Is it common for Dvd shrink to use 100% of the processor? When I am running it and then I go to task manager it says that dvd shrink is using 99% of processor and so on? IS THIS NORMAL?


----------



## jancz3rt (Mar 10, 2005)

Bigshow1030 said:
			
		

> Is it common for Dvd shrink to use 100% of the processor? When I am running it and then I go to task manager it says that dvd shrink is using 99% of processor and so on? IS THIS NORMAL?

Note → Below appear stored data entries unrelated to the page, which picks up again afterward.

locale rewriting_tree =
  fixes PI :: "'i \<Rightarrow> 'p list" and ar :: "'a \<Rightarrow> nat" and \<kappa> :: nat
    and \<Delta> :: "('c,'q,'i,'a,'v) rule set" and \<rho> :: "('c,'q,'i,'a,'v) rule" and T :: "('c,'q,'i,'a,'v) rtree"
  assumes sid: "wf_sid PI ar \<kappa> \<Delta>" and forms: "\<forall>r \<in> \<Delta>. rule_I r \<or> rule_II r"
    and rtree: "is_rtree \<Delta> \<kappa> \<rho> T"
begin

lemma node_normal_body:
  assumes "w \<in> dom T"
  obtains A xs f ys g where "T w = Some (A, xs, f)" "normal_body xs ys g f"
proof -
  obtain A xs f where r: "T w = Some (A, xs, f)" "(A, xs, f) \<in> \<Delta>"
    using assms rtree unfolding is_rtree_def by (metis domD prod_cases3)
  then have "rule_I (A, xs, f) \<or> rule_II (A, xs, f)"
    using forms by blast
  then show ?thesis
    using normal_body_rule_I normal_body_rule_II r that by metis
qed

lemma length_lt_card_dom:
  assumes "u \<in> dom T"
  shows "length u < card (dom T)"
proof -
  have "\<forall>w v. w @ v \<in> dom T \<longrightarrow> w \<in> dom T"
    using rtree unfolding is_rtree_def by blast
  then have "take k u \<in> dom T" for k
    using assms by (metis append_take_drop_id)
  then have "(\<lambda>k. take k u) ` {0..length u} \<subseteq> dom T"
    by blast
  moreover have "finite (dom T)"
    using rtree unfolding is_rtree_def by blast
  ultimately have "card ((\<lambda>k. take k u) ` {0..length u}) \<le> card (dom T)"
    by (rule card_mono[rotated])
  moreover have "inj_on (\<lambda>k. take k u) {0..length u}"
    by (rule inj_onI) (metis atLeastAtMost_iff length_take min.absorb2)
  ultimately show ?thesis
    by (simp add: card_image)
qed

lemma subtree_height_lt_card: "subtree_height_lt T w (card (dom T))"
  unfolding subtree_height_lt_def using length_lt_card_dom by fastforce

Yeah it is normal. It tries to use as much as it in order to speed up the process. It uses the same amount in my case. It's perfectly normal. Keep in mind that its decoding information, encoding at the same time. These functions are used to stress processors to their limits for example. I think it's perfectly normal.

JAN


----------



## Bigshow1030 (Mar 10, 2005)

*alright*

It just kind of worried me because I really figured with going to a 64 that it would help speed it up and also I went with alot more ram than I am used to, with doing this in mind


----------



## tg900 (Mar 10, 2005)

For my P4 1.7 ghz it takes about 30-35 minutes to shrink a 8.5 gig image to 4.7 gigs.  I usually let my computer alone, put in a blank dvd, and let it shrink the image and burn it while I go do something else.  If it were to use up little of the processor, i'm sure it would take much longer.


----------



## flip218 (Mar 11, 2005)

Mine does that unless I'm multitasking, If I'm multitasking shrink runs around 60-80%.


----------



## Bigshow1030 (Mar 11, 2005)

*hum*

I don't know what mine runs while I am multitasking....never tried it


----------



## jbrew (Mar 19, 2005)

i use dvd shrink often when i am multitasking, and seem to have no problems. i am also on a laptop, so any decent computer will multitask just fine. also there is a option than will reduce the processor ussage of dvd shrink in the program, so u can multitask better.


----------



## Praetor (Mar 24, 2005)

> It just kind of worried me because I really figured with going to a 64 that it would help speed it up and also I went with alot more ram than I am used to, with doing this in mind


Since DVDShrink is a 32bit application, 64bit hardware doesnt do much


----------



## sho95 (Apr 4, 2005)

It all depend on how much graphics the dvd has. The more the graphics the longer it takes not only that high graphics dvd make the temperature of the cpu go way high even higher that in games. A normal dvd would take me about 18 min.


----------



## Nephilim (Apr 4, 2005)

> It all depend on how much graphics the dvd has. The more the graphics the longer it takes not only that high graphics dvd make the temperature of the cpu go way high even higher that in games.



WTF are you talking about?


----------



## Praetor (Apr 4, 2005)

Funny how, considering we've both talked to the guy who wrote DVDShrink ... nothing like that ever came up....


----------